**Work order:** Once the line containing "butlast \<beta> @" is found in the entries below, reproduce it and every line after it, stopping at and including the line containing "using v unfolding x"; reproduce nothing else, and keep each line exact.

**Given data:**
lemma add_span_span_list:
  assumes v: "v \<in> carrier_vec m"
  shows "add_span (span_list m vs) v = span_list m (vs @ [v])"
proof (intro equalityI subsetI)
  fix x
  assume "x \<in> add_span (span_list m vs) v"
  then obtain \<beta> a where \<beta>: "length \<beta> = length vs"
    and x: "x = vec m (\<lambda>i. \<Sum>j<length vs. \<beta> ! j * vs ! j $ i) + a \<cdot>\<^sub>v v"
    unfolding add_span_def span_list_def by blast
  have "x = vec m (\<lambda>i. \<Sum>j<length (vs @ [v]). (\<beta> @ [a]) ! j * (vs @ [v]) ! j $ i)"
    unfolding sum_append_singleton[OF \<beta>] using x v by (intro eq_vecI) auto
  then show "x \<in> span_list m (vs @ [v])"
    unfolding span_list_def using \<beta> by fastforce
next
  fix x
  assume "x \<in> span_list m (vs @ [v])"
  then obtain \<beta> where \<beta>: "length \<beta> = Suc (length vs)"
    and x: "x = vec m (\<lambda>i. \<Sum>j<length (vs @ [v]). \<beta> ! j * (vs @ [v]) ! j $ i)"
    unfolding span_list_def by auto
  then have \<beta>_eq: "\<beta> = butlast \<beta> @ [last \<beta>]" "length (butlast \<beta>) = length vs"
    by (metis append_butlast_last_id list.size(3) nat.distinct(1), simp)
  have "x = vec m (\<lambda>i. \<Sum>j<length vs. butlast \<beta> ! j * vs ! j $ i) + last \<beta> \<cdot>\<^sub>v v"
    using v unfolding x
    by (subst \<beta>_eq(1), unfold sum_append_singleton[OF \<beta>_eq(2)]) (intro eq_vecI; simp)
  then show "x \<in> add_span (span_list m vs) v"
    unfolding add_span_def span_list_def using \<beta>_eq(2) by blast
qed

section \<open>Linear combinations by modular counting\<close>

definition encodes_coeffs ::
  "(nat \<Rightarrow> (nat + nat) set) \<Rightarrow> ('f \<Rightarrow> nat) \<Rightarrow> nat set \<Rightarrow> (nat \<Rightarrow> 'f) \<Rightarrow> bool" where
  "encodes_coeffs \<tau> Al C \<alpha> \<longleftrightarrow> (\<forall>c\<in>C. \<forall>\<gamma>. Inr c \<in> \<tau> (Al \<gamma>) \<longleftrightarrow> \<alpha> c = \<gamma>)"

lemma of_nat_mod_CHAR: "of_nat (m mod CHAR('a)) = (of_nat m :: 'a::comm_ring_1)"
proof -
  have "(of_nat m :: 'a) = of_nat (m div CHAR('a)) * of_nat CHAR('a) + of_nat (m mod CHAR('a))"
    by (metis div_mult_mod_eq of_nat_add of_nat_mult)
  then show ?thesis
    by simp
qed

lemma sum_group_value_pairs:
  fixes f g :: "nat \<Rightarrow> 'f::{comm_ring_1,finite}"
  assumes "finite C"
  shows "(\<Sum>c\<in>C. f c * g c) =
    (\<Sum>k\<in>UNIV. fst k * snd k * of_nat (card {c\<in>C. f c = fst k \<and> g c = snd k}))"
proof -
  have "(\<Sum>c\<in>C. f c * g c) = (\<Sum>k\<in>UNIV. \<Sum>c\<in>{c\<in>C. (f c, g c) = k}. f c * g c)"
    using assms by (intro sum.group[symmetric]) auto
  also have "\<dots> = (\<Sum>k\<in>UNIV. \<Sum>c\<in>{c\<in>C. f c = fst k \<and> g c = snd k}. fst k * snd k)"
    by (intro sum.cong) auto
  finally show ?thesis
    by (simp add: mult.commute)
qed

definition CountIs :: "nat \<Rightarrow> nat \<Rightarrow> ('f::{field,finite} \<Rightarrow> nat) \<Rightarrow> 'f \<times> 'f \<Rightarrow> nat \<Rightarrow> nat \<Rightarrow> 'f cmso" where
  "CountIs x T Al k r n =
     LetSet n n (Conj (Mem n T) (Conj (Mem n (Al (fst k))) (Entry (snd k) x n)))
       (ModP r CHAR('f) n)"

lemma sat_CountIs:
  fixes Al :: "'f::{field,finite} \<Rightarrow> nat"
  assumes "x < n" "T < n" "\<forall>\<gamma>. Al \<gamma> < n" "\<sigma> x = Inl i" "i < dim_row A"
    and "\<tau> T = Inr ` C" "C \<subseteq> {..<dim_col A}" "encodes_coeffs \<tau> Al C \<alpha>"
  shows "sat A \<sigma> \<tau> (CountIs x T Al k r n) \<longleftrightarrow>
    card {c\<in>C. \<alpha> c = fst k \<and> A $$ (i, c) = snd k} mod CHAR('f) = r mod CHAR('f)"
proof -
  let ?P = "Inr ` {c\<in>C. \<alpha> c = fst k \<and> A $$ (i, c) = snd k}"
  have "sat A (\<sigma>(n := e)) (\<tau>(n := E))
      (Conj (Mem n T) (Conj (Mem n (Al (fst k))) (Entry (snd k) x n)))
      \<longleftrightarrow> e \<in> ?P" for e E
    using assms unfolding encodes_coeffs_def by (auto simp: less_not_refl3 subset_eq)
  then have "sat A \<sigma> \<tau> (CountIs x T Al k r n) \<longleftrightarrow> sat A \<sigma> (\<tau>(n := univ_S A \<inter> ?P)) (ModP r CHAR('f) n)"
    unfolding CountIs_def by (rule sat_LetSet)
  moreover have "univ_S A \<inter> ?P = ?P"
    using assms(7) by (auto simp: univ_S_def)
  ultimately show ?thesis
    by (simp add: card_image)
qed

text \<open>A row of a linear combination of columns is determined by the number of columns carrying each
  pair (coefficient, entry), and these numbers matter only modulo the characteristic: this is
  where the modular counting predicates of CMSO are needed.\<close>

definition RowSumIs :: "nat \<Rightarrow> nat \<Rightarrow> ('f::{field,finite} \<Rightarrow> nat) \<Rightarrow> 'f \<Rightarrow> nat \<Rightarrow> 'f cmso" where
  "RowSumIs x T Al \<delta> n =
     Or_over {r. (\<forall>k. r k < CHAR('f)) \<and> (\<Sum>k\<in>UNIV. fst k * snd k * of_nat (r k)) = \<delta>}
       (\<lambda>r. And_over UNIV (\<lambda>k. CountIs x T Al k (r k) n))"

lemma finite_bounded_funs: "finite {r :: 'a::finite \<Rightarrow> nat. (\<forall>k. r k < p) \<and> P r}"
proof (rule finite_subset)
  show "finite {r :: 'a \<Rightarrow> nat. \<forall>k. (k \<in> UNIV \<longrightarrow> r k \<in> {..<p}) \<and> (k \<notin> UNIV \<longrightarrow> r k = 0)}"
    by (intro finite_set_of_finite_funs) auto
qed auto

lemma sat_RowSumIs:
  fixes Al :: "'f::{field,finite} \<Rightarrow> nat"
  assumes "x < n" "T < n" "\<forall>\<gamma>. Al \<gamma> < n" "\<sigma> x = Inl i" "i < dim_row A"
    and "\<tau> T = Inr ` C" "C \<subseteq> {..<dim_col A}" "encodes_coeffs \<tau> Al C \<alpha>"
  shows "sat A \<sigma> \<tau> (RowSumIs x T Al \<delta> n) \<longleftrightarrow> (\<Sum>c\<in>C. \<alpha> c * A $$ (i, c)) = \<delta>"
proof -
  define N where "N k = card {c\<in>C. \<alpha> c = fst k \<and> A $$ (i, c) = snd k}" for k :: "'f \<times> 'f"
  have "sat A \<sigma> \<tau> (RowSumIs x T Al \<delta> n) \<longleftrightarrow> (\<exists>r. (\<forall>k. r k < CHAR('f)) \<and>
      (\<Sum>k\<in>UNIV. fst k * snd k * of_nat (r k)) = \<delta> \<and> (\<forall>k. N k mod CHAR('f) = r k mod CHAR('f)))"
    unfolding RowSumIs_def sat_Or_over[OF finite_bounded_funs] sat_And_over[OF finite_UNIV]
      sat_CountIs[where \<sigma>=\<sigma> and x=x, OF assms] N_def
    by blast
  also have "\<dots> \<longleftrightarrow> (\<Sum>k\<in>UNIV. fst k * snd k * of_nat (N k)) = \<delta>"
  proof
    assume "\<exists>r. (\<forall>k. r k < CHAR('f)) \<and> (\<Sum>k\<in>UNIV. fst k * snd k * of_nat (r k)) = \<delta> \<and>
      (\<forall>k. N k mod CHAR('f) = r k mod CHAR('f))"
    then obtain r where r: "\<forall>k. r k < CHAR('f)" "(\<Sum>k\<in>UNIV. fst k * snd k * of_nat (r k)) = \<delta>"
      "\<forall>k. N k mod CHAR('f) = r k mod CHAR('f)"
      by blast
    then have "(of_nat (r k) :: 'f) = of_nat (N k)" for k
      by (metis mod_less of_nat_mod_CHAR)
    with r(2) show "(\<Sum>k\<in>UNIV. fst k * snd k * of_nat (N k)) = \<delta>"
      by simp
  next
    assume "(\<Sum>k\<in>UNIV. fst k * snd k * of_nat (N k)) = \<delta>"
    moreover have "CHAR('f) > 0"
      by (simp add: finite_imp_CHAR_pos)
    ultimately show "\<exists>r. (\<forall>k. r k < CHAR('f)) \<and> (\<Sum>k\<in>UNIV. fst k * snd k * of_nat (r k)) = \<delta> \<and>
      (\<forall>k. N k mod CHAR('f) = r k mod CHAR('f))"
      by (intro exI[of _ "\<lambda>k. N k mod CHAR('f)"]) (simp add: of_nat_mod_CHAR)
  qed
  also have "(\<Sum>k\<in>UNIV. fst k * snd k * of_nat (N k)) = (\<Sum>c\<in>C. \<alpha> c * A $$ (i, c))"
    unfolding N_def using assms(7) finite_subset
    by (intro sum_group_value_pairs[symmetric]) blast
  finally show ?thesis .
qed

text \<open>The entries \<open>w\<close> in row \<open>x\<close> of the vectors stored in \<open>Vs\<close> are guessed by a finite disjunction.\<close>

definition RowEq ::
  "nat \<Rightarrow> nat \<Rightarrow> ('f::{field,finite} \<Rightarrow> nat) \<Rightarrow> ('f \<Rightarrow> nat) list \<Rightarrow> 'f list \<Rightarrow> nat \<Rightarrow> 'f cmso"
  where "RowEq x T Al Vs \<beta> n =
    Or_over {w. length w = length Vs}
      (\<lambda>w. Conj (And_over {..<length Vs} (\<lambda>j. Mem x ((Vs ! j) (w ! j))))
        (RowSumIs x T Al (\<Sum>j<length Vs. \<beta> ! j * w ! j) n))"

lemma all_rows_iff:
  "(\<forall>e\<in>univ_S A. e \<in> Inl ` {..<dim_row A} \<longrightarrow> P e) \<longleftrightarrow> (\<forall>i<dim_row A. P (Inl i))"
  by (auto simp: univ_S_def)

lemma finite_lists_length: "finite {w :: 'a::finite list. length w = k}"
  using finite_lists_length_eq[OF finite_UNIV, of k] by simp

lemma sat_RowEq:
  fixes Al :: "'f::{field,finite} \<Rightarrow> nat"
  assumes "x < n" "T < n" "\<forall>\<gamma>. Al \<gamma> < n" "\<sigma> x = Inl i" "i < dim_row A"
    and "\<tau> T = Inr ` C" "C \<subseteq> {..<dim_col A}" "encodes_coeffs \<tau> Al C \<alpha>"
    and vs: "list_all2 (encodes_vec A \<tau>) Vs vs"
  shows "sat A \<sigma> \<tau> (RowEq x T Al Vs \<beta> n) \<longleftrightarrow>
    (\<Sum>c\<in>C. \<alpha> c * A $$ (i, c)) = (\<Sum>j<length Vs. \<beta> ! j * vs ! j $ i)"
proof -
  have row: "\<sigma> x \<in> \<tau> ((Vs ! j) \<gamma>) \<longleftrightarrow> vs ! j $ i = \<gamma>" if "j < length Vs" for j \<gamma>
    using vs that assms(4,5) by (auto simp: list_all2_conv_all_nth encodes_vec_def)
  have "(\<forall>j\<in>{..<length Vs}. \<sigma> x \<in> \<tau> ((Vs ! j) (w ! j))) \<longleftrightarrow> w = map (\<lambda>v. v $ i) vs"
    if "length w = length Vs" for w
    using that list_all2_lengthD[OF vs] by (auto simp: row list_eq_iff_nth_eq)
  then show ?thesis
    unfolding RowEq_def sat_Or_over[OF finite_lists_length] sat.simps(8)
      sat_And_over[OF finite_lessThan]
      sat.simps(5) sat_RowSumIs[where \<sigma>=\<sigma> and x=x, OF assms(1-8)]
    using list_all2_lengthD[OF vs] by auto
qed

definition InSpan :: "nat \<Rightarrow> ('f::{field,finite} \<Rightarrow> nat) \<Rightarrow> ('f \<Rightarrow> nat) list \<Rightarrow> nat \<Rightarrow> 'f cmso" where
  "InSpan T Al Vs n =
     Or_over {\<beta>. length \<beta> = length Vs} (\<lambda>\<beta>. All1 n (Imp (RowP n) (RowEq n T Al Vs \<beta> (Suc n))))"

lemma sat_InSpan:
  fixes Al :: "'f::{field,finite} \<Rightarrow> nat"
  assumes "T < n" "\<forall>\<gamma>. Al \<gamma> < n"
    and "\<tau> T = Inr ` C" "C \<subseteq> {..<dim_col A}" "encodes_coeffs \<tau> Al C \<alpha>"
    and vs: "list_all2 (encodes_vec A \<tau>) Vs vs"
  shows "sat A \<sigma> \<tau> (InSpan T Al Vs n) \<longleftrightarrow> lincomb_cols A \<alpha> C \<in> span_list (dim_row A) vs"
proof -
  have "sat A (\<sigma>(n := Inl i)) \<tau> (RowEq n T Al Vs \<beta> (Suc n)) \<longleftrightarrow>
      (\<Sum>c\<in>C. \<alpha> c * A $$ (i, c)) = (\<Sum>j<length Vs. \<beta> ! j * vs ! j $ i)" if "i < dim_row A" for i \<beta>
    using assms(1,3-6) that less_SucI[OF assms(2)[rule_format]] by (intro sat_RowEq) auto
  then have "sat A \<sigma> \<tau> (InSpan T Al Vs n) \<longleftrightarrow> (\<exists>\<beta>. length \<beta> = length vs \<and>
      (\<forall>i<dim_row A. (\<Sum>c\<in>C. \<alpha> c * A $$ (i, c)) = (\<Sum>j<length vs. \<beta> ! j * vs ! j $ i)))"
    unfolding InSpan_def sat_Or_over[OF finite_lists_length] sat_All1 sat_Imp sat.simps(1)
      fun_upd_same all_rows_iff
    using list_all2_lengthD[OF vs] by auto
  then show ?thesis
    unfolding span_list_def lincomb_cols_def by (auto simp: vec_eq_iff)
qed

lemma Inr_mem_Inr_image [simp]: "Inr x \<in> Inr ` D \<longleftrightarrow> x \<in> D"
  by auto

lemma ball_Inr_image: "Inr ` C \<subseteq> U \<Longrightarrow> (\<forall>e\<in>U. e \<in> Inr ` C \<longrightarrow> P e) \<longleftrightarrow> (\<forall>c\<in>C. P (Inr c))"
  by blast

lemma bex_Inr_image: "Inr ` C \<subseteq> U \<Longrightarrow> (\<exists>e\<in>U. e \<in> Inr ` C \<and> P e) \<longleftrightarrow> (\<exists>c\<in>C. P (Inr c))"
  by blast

**Completed task:**
  then have \<beta>_eq: "\<beta> = butlast \<beta> @ [last \<beta>]" "length (butlast \<beta>) = length vs"
    by (metis append_butlast_last_id list.size(3) nat.distinct(1), simp)
  have "x = vec m (\<lambda>i. \<Sum>j<length vs. butlast \<beta> ! j * vs ! j $ i) + last \<beta> \<cdot>\<^sub>v v"
    using v unfolding x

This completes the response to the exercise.